A command line client, ``gbasf2``, is used for submitting grid-based Basf2 jobs. The basic usage is::

    $ gbasf2 -p <project_name> -s <basf2_release> <steering_file>

where ``<project_name>`` is a name assigned by you, and ``<basf2_release>`` is the available Basf2 software version to use.

.. note::

  Your project name must be unique and cannot be reused, even if the project is deleted.

.. note::

  Please, do not use special characters in the project names (``$, #, %, /,`` etc.),
  as they could create problems with file names in some sites and in the databases.

You can always use the flags ``-h`` and ``--usage`` to see a full list of available options and examples.
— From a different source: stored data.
lemma lambda1_Gstar_lt_hdist0:
  assumes "5 \<le> s"
  shows "lambda1 (hdist 1 (2*s-2)) < lambda1 (hdist s 0)"
proof -
  have n: "real (2*s-2) = 2 * real s - 2" using assms by (simp add: of_nat_diff)
  have "1 \<le> 2*s-2" using assms by simp
  then obtain \<mu> where \<mu>: "2 * real s \<le> \<mu>" "\<mu> \<le> 4 * real s" "qpoly 1 (2 * real s - 2) \<mu> = 0"
      "lambda1 (hdist 1 (2*s-2)) = \<mu>"
    using lambda1_Gstar_root[of "2*s-2" "2 * real s"] qpoly1_at_order[of "2 * real s"] assms
    unfolding n by auto
  have "qpoly s 0 \<mu> < 0"
    using qpoly_split[of s 0 \<mu>] qpoly_corr0_neg[of s \<mu>] \<mu> assms by (simp add: mult_pos_neg)
  moreover have "0 < \<mu> + 1" using \<mu> by simp
  ultimately have "qpoly0 s \<mu> < 0" by (simp add: qpoly_0 zero_less_mult_iff mult_less_0_iff)
  then show ?thesis using lambda1_hdist0_gt[of s \<mu>] \<mu> assms by simp
qed

lemma lambda1_hdist0_lt_Gstar_of_separating:
  assumes "2 \<le> s" "2 * real s \<le> c" "c \<le> 4 * real s"
    and "qpoly 1 (2 * real s - 2) c \<le> 0" "0 < qpoly0 s c"
  shows "lambda1 (hdist s 0) < lambda1 (hdist 1 (2*s-2))"
proof -
  have n: "real (2*s-2) = 2 * real s - 2" using assms by (simp add: of_nat_diff)
  have "1 \<le> 2*s-2" using assms by simp
  then obtain \<mu> where "c \<le> \<mu>" "lambda1 (hdist 1 (2*s-2)) = \<mu>"
    using lambda1_Gstar_root[of "2*s-2" c] assms unfolding n by auto
  moreover obtain \<nu> where \<nu>: "real s \<le> \<nu>" "\<nu> \<le> c" "qpoly0 s \<nu> = 0"
  proof -
    have "qpoly0 s s = 2 - real s - real s ^ 2" by (simp add: qpoly0_def algebra_simps power2_eq_square)
    then have "qpoly0 s s \<le> 0" using assms zero_le_power2[of "real s"] by linarith
    moreover have "continuous_on {real s..c} (qpoly0 s)"
      unfolding qpoly0_def by (intro continuous_intros)
    ultimately show ?thesis using IVT'[of "qpoly0 s" "real s" 0 c] assms that by auto
  qed
  moreover have "lambda1 (hdist s 0) = \<nu>" using lambda1_hdist0_root \<nu> assms by auto
  moreover have "\<nu> \<noteq> c" using \<nu> assms by auto
  ultimately show ?thesis by auto
qed

lemma lambda1_hdist0_lt_Gstar:
  assumes "2 \<le> s" "s \<le> 4"
  shows "lambda1 (hdist s 0) < lambda1 (hdist 1 (2*s-2))"
proof -
  consider "s = 2" | "s = 3" | "s = 4" using assms by force
  then show ?thesis
  proof cases
    case 1
    then show ?thesis by (intro lambda1_hdist0_lt_Gstar_of_separating[where c = 4])
      (auto simp: qpoly_def qpoly0_def power2_eq_square)
  next
    case 2
    then show ?thesis by (intro lambda1_hdist0_lt_Gstar_of_separating[where c = "25/4"])
      (auto simp: qpoly_def qpoly0_def power2_eq_square)
  next
    case 3
    then show ?thesis by (intro lambda1_hdist0_lt_Gstar_of_separating[where c = "351/40"])
      (auto simp: qpoly_def qpoly0_def power2_eq_square)
  qed
qed

lemma le_and_eq_iff:
  fixes a b :: "'a :: linorder"
  assumes "P \<Longrightarrow> a = b" and "\<not> P \<Longrightarrow> a < b"
  shows "a \<le> b \<and> (a = b \<longleftrightarrow> P)"
  using assms by (cases P) auto

theorem lemma2p8:
  fixes s n :: nat
  assumes "s \<ge> 1" and "n \<ge> 2 * s"
  shows "(n \<ge> 2 * s + 2 \<longrightarrow>
            lambda1 (dist_matrix (Gstar n))
              \<le> lambda1 (dist_matrix (gjoin (complete s) (gunion (complete (n - 2 * s)) (edgeless s))))
          \<and> (lambda1 (dist_matrix (Gstar n))
              = lambda1 (dist_matrix (gjoin (complete s) (gunion (complete (n - 2 * s)) (edgeless s))))
             \<longleftrightarrow> s = 1))
       \<and> (n = 2 * s + 1 \<longrightarrow>
            lambda1 (dist_matrix (Gstar n)) \<le> lambda1 (dist_matrix (S n ((n - 1) div 2)))
          \<and> (lambda1 (dist_matrix (Gstar n)) = lambda1 (dist_matrix (S n ((n - 1) div 2)))
             \<longleftrightarrow> n = 3))
       \<and> (n = 2 * s \<and> n \<ge> 10 \<longrightarrow>
            lambda1 (dist_matrix (Gstar n)) < lambda1 (dist_matrix (S n (n div 2))))
       \<and> (n = 2 * s \<and> 2 \<le> n \<and> n \<le> 8 \<longrightarrow>
            lambda1 (dist_matrix (S n (n div 2))) \<le> lambda1 (dist_matrix (Gstar n))
          \<and> (lambda1 (dist_matrix (S n (n div 2))) = lambda1 (dist_matrix (Gstar n))
             \<longleftrightarrow> n = 2))"
proof -
  have D_Gstar: "dist_matrix (Gstar n) = hdist 1 (n - 2)"
    unfolding Gstar_eq_join_clique_union by (simp add: dist_matrix_join_clique_union)
  have D_H: "dist_matrix (gjoin (complete s) (gunion (complete (n - 2*s)) (edgeless s)))
      = hdist s (n - 2*s)"
    using dist_matrix_join_clique_union assms(1) .
  have D_S: "dist_matrix (S n s) = hdist s (n - 2*s)" if "n \<le> 2*s + 1"
    unfolding S_eq_join_clique_union[OF assms(2) that] D_H ..
  have odd: "lambda1 (hdist 1 (n - 2)) \<le> lambda1 (hdist s (n - 2*s))
      \<and> (lambda1 (hdist 1 (n - 2)) = lambda1 (hdist s (n - 2*s)) \<longleftrightarrow> s = 1)" if "2*s + 1 \<le> n"
    using lambda1_Gstar_lt_hdist[of s "n - 2*s"] that assms by (intro le_and_eq_iff) auto
  have even_large: "lambda1 (hdist 1 (n - 2)) < lambda1 (hdist s 0)" if "n = 2*s" "10 \<le> n"
    using lambda1_Gstar_lt_hdist0[of s] that by auto
  have even_small: "lambda1 (hdist s 0) \<le> lambda1 (hdist 1 (n - 2))
      \<and> (lambda1 (hdist s 0) = lambda1 (hdist 1 (n - 2)) \<longleftrightarrow> n = 2)" if "n = 2*s" "n \<le> 8"
    using lambda1_hdist0_lt_Gstar[of s] that assms by (intro le_and_eq_iff) auto
  show ?thesis
    unfolding D_Gstar D_H using odd even_large even_small D_S by auto
qed

end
If the submission is correct, you will get a summary of your project with information about the number of jobs,
etc.

.. warning::
  Once again: before submitting jobs to the grid, be sure that your script works well on a local computer!
  

.. warning::
  If you do not set the CPU time or event throughput of your jobs manually, ``gbasf2`` sets a value as the CPU time for the jobs. Usually the estimated time is much larger than the actual time required for your jobs, for it needs to cover heavier use cases. This may prevent your jobs of being started on some sites! So you should consider using either the ``--cputime`` or the ``--evtpersec`` option. 


Jobs with input files
=====================

Submitting jobs with a single dataset/datablock is performed using the argument ``-i``::

    $ gbasf2 <steering_file> -p <project_name> -s <basf2_release> -i <input_LFN>

For example::

    $ gbasf2 myscript.py -p myproject_v1 -s light-2110-tartarus  -i /belle/MC/release-05-02-11/DB00001363/SkimM14ri_ax1/prod00020320/e1003/4S/r00000/charged/18360100/udst


List of datasets as input
-------------------------

If you want to use a list of datasets, like the ones obtained with the :ref:`dataset-searcher`,
you can store the list in a file and submit jobs with ``--input_dslist``::

    $ gbasf2 <steering_file> -p myproject -s release --input_dslist <LFN_list>


.. note::
    If gbasf2 warns that there is no input data, it may indicate that all of the input files you specified are marked as “bad”
    (not part of the good run list).


Input from the Dataset Searcher
-------------------------------

If the metadata of the datasets desired is known, one additional possibility is performing queries
to the Dataset Searcher directly during the gbasf2 submission.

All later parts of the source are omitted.